Marc-Edouard Nabe : le "no-mén !" de la littérature
Celui qui toujours nie
S’il est parfois, sinon souvent, difficile de trouver chez Nabe une pensée un tant soit peu cohérente, mais bien plutôt des humeurs (souvent "mauvaises") et beaucoup de déception et de colère jusqu’au ressentiment et la tentation du sabordage de soi...
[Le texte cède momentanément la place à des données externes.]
(* Let $n$ be a positive integer and let $A\subseteq\mathbb{Z}/n\mathbb{Z}$ be a basis of $\mathbb{Z}/n\mathbb{Z}$. Then $|A|\cdot\rho(A)<2n$.
   Context: A subset $A\subseteq\mathbb{Z}/n\mathbb{Z}$ is a basis if $hA=\mathbb{Z}/n\mathbb{Z}$ for some positive integer $h$, where $hA=\{a_1+\dots+a_h: a_i\in A\}$; the least such $h$ is denoted $\rho(A)$. *)

theory Defs
  imports Main
begin

text \<open>Z/nZ is modelled as the residues {0..<n} of nat with addition modulo n.
  sumset n h A = hA = {a_1 + ... + a_h mod n : a_i in A}.\<close>

fun sumset :: "nat \<Rightarrow> nat \<Rightarrow> nat set \<Rightarrow> nat set" where
  "sumset n 0 A = {0}"
| "sumset n (Suc h) A = {(x + a) mod n | x a. x \<in> sumset n h A \<and> a \<in> A}"

definition is_basis :: "nat \<Rightarrow> nat set \<Rightarrow> bool" where
  "is_basis n A \<longleftrightarrow> A \<subseteq> {0..<n} \<and> (\<exists>h>0. sumset n h A = {0..<n})"

definition rho :: "nat \<Rightarrow> nat set \<Rightarrow> nat" where
  "rho n A = (LEAST h. h > 0 \<and> sumset n h A = {0..<n})"

end

theory Submission
  imports Defs "HOL-Number_Theory.Cong"
begin

(* The engine is Scherk's theorem for Z/nZ: if some element p0 + q0 of P + Q has a
   unique representation as a sum from P x Q, then |P + Q| >= |P| + |Q| - 1.
   It is proved by induction on |Q| via Dyson's e-transform
   (P, Q) |-> (P u (e + Q), {q in Q. e + q in P}), which preserves |P| + |Q|,
   shrinks the sumset, and preserves the unique representation.

   Translating A by a constant translates every kA by a constant, so |A|,
   rho(A) and the basis property are unchanged; hence we may assume 0 in A.
   Then 0A <= 1A <= 2A <= ... strictly increases up to rho(A), and Scherk's
   theorem applied to (jA + one new element, A) gives |(j+2)A| >= |jA| + |A|
   for j + 1 < rho(A).  Iterating two steps at a time yields k|A| < 2|kA| for
   all k <= rho(A); taking k = rho(A), where |kA| = n, proves the theorem. *)

section \<open>Sums and translates of residue sets\<close>

definition add_sets :: "nat \<Rightarrow> nat set \<Rightarrow> nat set \<Rightarrow> nat set" where
  "add_sets n P Q = {(p + q) mod n | p q. p \<in> P \<and> q \<in> Q}"

definition translate :: "nat \<Rightarrow> nat \<Rightarrow> nat set \<Rightarrow> nat set" where
  "translate n t X = (\<lambda>x. (x + t) mod n) ` X"

lemma sumset_Suc_add_sets: "sumset n (Suc h) A = add_sets n (sumset n h A) A"
  by (simp add: add_sets_def)

lemma add_sets_subset: "0 < n \<Longrightarrow> add_sets n P Q \<subseteq> {0..<n}"
  by (auto simp: add_sets_def)

lemma add_sets_singleton: "add_sets n P {q} = translate n q P"
  by (auto simp: add_sets_def translate_def)

lemma inj_on_translate: "inj_on (\<lambda>x. (x + t) mod n) {0..<(n::nat)}"
proof (rule inj_onI)
  fix x y assume "x \<in> {0..<n}" "y \<in> {0..<n}" "(x + t) mod n = (y + t) mod n"
  then show "x = y"
    by (metis atLeastLessThan_iff cong_add_rcancel_nat cong_def cong_less_modulus_unique_nat)
qed

lemma card_translate:
  assumes "X \<subseteq> {0..<n}"
  shows "card (translate n t X) = card X"
  unfolding translate_def using inj_on_subset[OF inj_on_translate assms] by (rule card_image)

lemma translate_subset: "0 < n \<Longrightarrow> translate n t X \<subseteq> {0..<n}"
  by (auto simp: translate_def)

lemma translate_closed_eq:
  assumes "X \<subseteq> {0..<n}" and "translate n t X \<subseteq> X"
  shows "translate n t X = X"
  using assms unfolding translate_def
  by (intro endo_inj_surj) (auto intro: finite_subset inj_on_subset[OF inj_on_translate])

lemma translate_eq_full_iff:
  assumes "0 < n" and "X \<subseteq> {0..<n}"
  shows "translate n t X = {0..<n} \<longleftrightarrow> X = {0..<n}"
proof -
  have "card (translate n t X) = card X" using card_translate[OF assms(2)] .
  then show ?thesis
    using translate_subset[OF assms(1)] assms(2)
    by (metis card_subset_eq finite_atLeastLessThan)
qed

lemma add_sets_translate:
  "add_sets n (translate n s P) (translate n t Q) = translate n (s + t) (add_sets n P Q)"
proof -
  have shift: "((p + s) mod n + (q + t) mod n) mod n = ((p + q) mod n + (s + t)) mod n"
    for p q :: nat
  proof -
    have "((p + s) mod n + (q + t) mod n) mod n = ((p + q) + (s + t)) mod n"
      unfolding mod_add_eq by (simp add: ac_simps)
    then show ?thesis by (simp only: mod_add_left_eq)
  qed
  show ?thesis
  proof (intro equalityI subsetI)
    fix x assume "x \<in> add_sets n (translate n s P) (translate n t Q)"
    then obtain p q where pq: "p \<in> P" "q \<in> Q" "x = ((p + s) mod n + (q + t) mod n) mod n"
      unfolding add_sets_def translate_def by blast
    then have "x = ((p + q) mod n + (s + t)) mod n" by (simp only: shift)
    then show "x \<in> translate n (s + t) (add_sets n P Q)"
      using pq(1,2) unfolding add_sets_def translate_def by blast
  next
    fix x assume "x \<in> translate n (s + t) (add_sets n P Q)"
    then obtain p q where pq: "p \<in> P" "q \<in> Q" "x = ((p + q) mod n + (s + t)) mod n"
      unfolding add_sets_def translate_def by blast
    then have "x = ((p + s) mod n + (q + t) mod n) mod n" by (simp only: shift)
    then show "x \<in> add_sets n (translate n s P) (translate n t Q)"
      using pq(1,2) unfolding add_sets_def translate_def by blast
  qed
qed

section \<open>Scherk's theorem\<close>

definition unique_rep :: "nat \<Rightarrow> nat set \<Rightarrow> nat set \<Rightarrow> nat \<Rightarrow> nat \<Rightarrow> bool" where
  "unique_rep n P Q p0 q0 \<longleftrightarrow> p0 \<in> P \<and> q0 \<in> Q \<and>
     (\<forall>p\<in>P. \<forall>q\<in>Q. (p + q) mod n = (p0 + q0) mod n \<longrightarrow> p = p0 \<and> q = q0)"

definition dyson_P :: "nat \<Rightarrow> nat \<Rightarrow> nat set \<Rightarrow> nat set \<Rightarrow> nat set" where
  "dyson_P n e P Q = P \<union> translate n e Q"

definition dyson_Q :: "nat \<Rightarrow> nat \<Rightarrow> nat set \<Rightarrow> nat set \<Rightarrow> nat set" where
  "dyson_Q n e P Q = {q \<in> Q. (q + e) mod n \<in> P}"

text \<open>The e-transform preserves |P| + |Q|: the new part of P is in bijection
  with the removed part of Q.\<close>
lemma dyson_card:
  assumes "P \<subseteq> {0..<n}" and "Q \<subseteq> {0..<n}"
  shows "card (dyson_P n e P Q) + card (dyson_Q n e P Q) = card P + card Q"
proof -
  have fin: "finite P" "finite Q" using assms finite_subset by blast+
  have meet: "P \<inter> translate n e Q = translate n e (dyson_Q n e P Q)"
    by (auto simp: translate_def dyson_Q_def)
  have "card (P \<inter> translate n e Q) = card (dyson_Q n e P Q)"
    unfolding meet using assms(2) by (intro card_translate) (auto simp: dyson_Q_def)
  moreover have "card (translate n e Q) = card Q" using card_translate[OF assms(2)] .
  ultimately show ?thesis
    using card_Un_Int[OF fin(1), of "translate n e Q"] fin
    unfolding dyson_P_def by (simp add: translate_def)
qed

lemma translate_sum_swap: "((a + e) mod n + b) mod n = ((b + e) mod (n::nat) + a) mod n"
  by (metis add.assoc add.commute mod_add_left_eq)

lemma dyson_add_sets_subset:
  "add_sets n (dyson_P n e P Q) (dyson_Q n e P Q) \<subseteq> add_sets n P Q"
proof
  fix x assume "x \<in> add_sets n (dyson_P n e P Q) (dyson_Q n e P Q)"
  then obtain p q where x: "x = (p + q) mod n" and p: "p \<in> dyson_P n e P Q"
    and q: "q \<in> Q" "(q + e) mod n \<in> P"
    by (auto simp: add_sets_def dyson_Q_def)
  show "x \<in> add_sets n P Q"
  proof (cases "p \<in> P")
    case True
    then show ?thesis using x q by (auto simp: add_sets_def)
  next
    case False
    then obtain q' where q': "q' \<in> Q" "p = (q' + e) mod n"
      using p by (auto simp: dyson_P_def translate_def)
    have "x = ((q + e) mod n + q') mod n" using x q' translate_sum_swap by simp
    then show ?thesis using q q' unfolding add_sets_def by blast
  qed
qed

lemma dyson_unique_rep:
  assumes uniq: "unique_rep n P Q p0 q0" and e: "(q0 + e) mod n \<in> P"
  shows "unique_rep n (dyson_P n e P Q) (dyson_Q n e P Q) p0 q0"
proof -
  have "p0 \<in> dyson_P n e P Q" "q0 \<in> dyson_Q n e P Q"
    using uniq e by (auto simp: unique_rep_def dyson_P_def dyson_Q_def)
  moreover have "p = p0 \<and> q = q0"
    if p: "p \<in> dyson_P n e P Q" and "q \<in> dyson_Q n e P Q"
      and sum: "(p + q) mod n = (p0 + q0) mod n" for p q
  proof -
    from that have q: "q \<in> Q" "(q + e) mod n \<in> P" by (auto simp: dyson_Q_def)
    have "p \<in> P"
    proof (rule ccontr)
      assume "p \<notin> P"
      then obtain q' where q': "q' \<in> Q" "p = (q' + e) mod n"
        using p by (auto simp: dyson_P_def translate_def)
      have "((q + e) mod n + q') mod n = (p0 + q0) mod n"
        using sum q' translate_sum_swap by metis
      then have "q' = q0" using uniq q q'(1) by (auto simp: unique_rep_def)
      then show False using \<open>p \<notin> P\<close> q' e by simp
    qed
    then show "p = p0 \<and> q = q0" using uniq q sum by (auto simp: unique_rep_def)
  qed
  ultimately show ?thesis by (simp add: unique_rep_def)
qed

text \<open>Unless Q is a singleton, some translate of Q meets P at the image of q0
  without being contained in P; otherwise P would be invariant under the
  translation by q1 - q0 and p0 + q0 would also be represented with q1.\<close>
lemma exists_escaping_translate:
  assumes P: "P \<subseteq> {0..<n}" and Q: "Q \<subseteq> {0..<n}" and uniq: "unique_rep n P Q p0 q0"
    and q1: "q1 \<in> Q" "q1 \<noteq> q0"
  shows "\<exists>e. (q0 + e) mod n \<in> P \<and> \<not> translate n e Q \<subseteq> P"
proof (rule ccontr)
  assume "\<not> ?thesis"
  then have closed: "(q0 + e) mod n \<in> P \<Longrightarrow> (q + e) mod n \<in> P" if "q \<in> Q" for e q
    using that by (auto simp: translate_def)
  have q0n: "q0 < n" using uniq Q by (auto simp: unique_rep_def)
  define d where "d = n - q0 + q1"
  have "(p + d) mod n \<in> P" if "p \<in> P" for p
  proof -
    have "(q0 + (p + (n - q0))) mod n = p" using q0n P that by auto
    then have "(q1 + (p + (n - q0))) mod n \<in> P" using closed[OF q1(1)] that by simp
    then show ?thesis by (simp add: d_def algebra_simps)
  qed
  then have "translate n d P \<subseteq> P" by (auto simp: translate_def)
  then have "translate n d P = P" by (rule translate_closed_eq[OF P])
  then have "p0 \<in> translate n d P" using uniq by (simp add: unique_rep_def)
  then obtain p' where p': "p' \<in> P" "(p' + d) mod n = p0" by (auto simp: translate_def)
  have "p' + d + q0 = p' + q1 + n" using q0n by (simp add: d_def)
  then have "(p' + q1) mod n = ((p' + d) + q0) mod n" by (metis mod_add_self2)
  also have "\<dots> = (p0 + q0) mod n" using p'(2) by (metis mod_add_left_eq)
  finally show False using uniq p'(1) q1 by (auto simp: unique_rep_def)
qed

text \<open>Scherk's theorem: a uniquely represented element forces |P + Q| >= |P| + |Q| - 1.
  Induction on |Q|; a non-singleton Q is replaced by the smaller dyson_Q.\<close>
theorem scherk:
  assumes "P \<subseteq> {0..<n}" and "Q \<subseteq> {0..<n}" and "unique_rep n P Q p0 q0"
  shows "card P + card Q \<le> card (add_sets n P Q) + 1"
  using assms
proof (induction "card Q" arbitrary: P Q rule: less_induct)
  case (less Q P)
  have q0: "q0 \<in> Q" using less.prems(3) by (simp add: unique_rep_def)
  then have n0: "0 < n" using less.prems(2) by fastforce
  show ?case
  proof (cases "Q = {q0}")
    case True
    then show ?thesis
      using card_translate[OF less.prems(1)] by (simp add: add_sets_singleton)
  next
    case False
    then obtain q1 where q1: "q1 \<in> Q" "q1 \<noteq> q0" using q0 by blast
    obtain e where e: "(q0 + e) mod n \<in> P" and escape: "\<not> translate n e Q \<subseteq> P"
      using exists_escaping_translate[OF less.prems q1] by blast
    let ?P' = "dyson_P n e P Q" and ?Q' = "dyson_Q n e P Q"
    have "?Q' \<subseteq> Q" "?Q' \<noteq> Q"
      using escape by (auto simp: dyson_Q_def translate_def)
    then have smaller: "card ?Q' < card Q"
      using psubset_card_mono[OF finite_subset[OF less.prems(2)]] by blast
    have P': "?P' \<subseteq> {0..<n}"
      using less.prems(1) translate_subset[OF n0] by (auto simp: dyson_P_def)
    have Q': "?Q' \<subseteq> {0..<n}" using less.prems(2) by (auto simp: dyson_Q_def)
    have "card ?P' + card ?Q' \<le> card (add_sets n ?P' ?Q') + 1"
      using less.hyps[OF smaller P' Q' dyson_unique_rep[OF less.prems(3) e]] .
    moreover have "card (add_sets n ?P' ?Q') \<le> card (add_sets n P Q)"
      using card_mono[OF finite_subset[OF add_sets_subset[OF n0]] dyson_add_sets_subset] by simp
    ultimately show ?thesis using dyson_card[OF less.prems(1,2), of e] by linarith
  qed
qed

section \<open>Iterated sumsets\<close>

lemma sumset_subset: "0 < n \<Longrightarrow> sumset n k A \<subseteq> {0..<n}"
  by (cases k) auto

lemma finite_sumset: "0 < n \<Longrightarrow> finite (sumset n k A)"
  using finite_subset[OF sumset_subset] by blast

lemma sumset_one: "A \<subseteq> {0..<n} \<Longrightarrow> sumset n 1 A = A"
  by force

lemma sumset_translate: "sumset n k (translate n t A) = translate n (k * t) (sumset n k A)"
proof (induction k)
  case 0
  then show ?case by (simp add: translate_def)
next
  case (Suc k)
  then show ?case by (simp only: sumset_Suc_add_sets add_sets_translate mult_Suc add.commute)
qed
En revanche, il y a chez lui des moments de lucidité bien trop rares dans le monde littéraire ; lucidité sur son Art qu’est l’écriture et sur ceux qui en ont fait leur métier : les éditeurs et les critiques -, sans oublier les lecteurs.
"Ce devrait être une vocation de la littérature, une vocation d’ordre apostolique et évangélique, d’être un don de sa parole à des gens qui ont besoin d’elle pour en être soulagés (....). Le don de son verbe qui échappe à tout contrôle et qui est du côté de la liberté la plus totale (...). Parler pour les autres - y compris de soi, pourquoi pas."
Ou bien encore : "Il y a un écart énorme entre le livre et la littérature dont les écrivains ne sont pas conscients ou ne veulent pas être conscients."
On trouvera aussi chez Nabe un fond imaginaire d’une grande richesse (Florent Georgesco).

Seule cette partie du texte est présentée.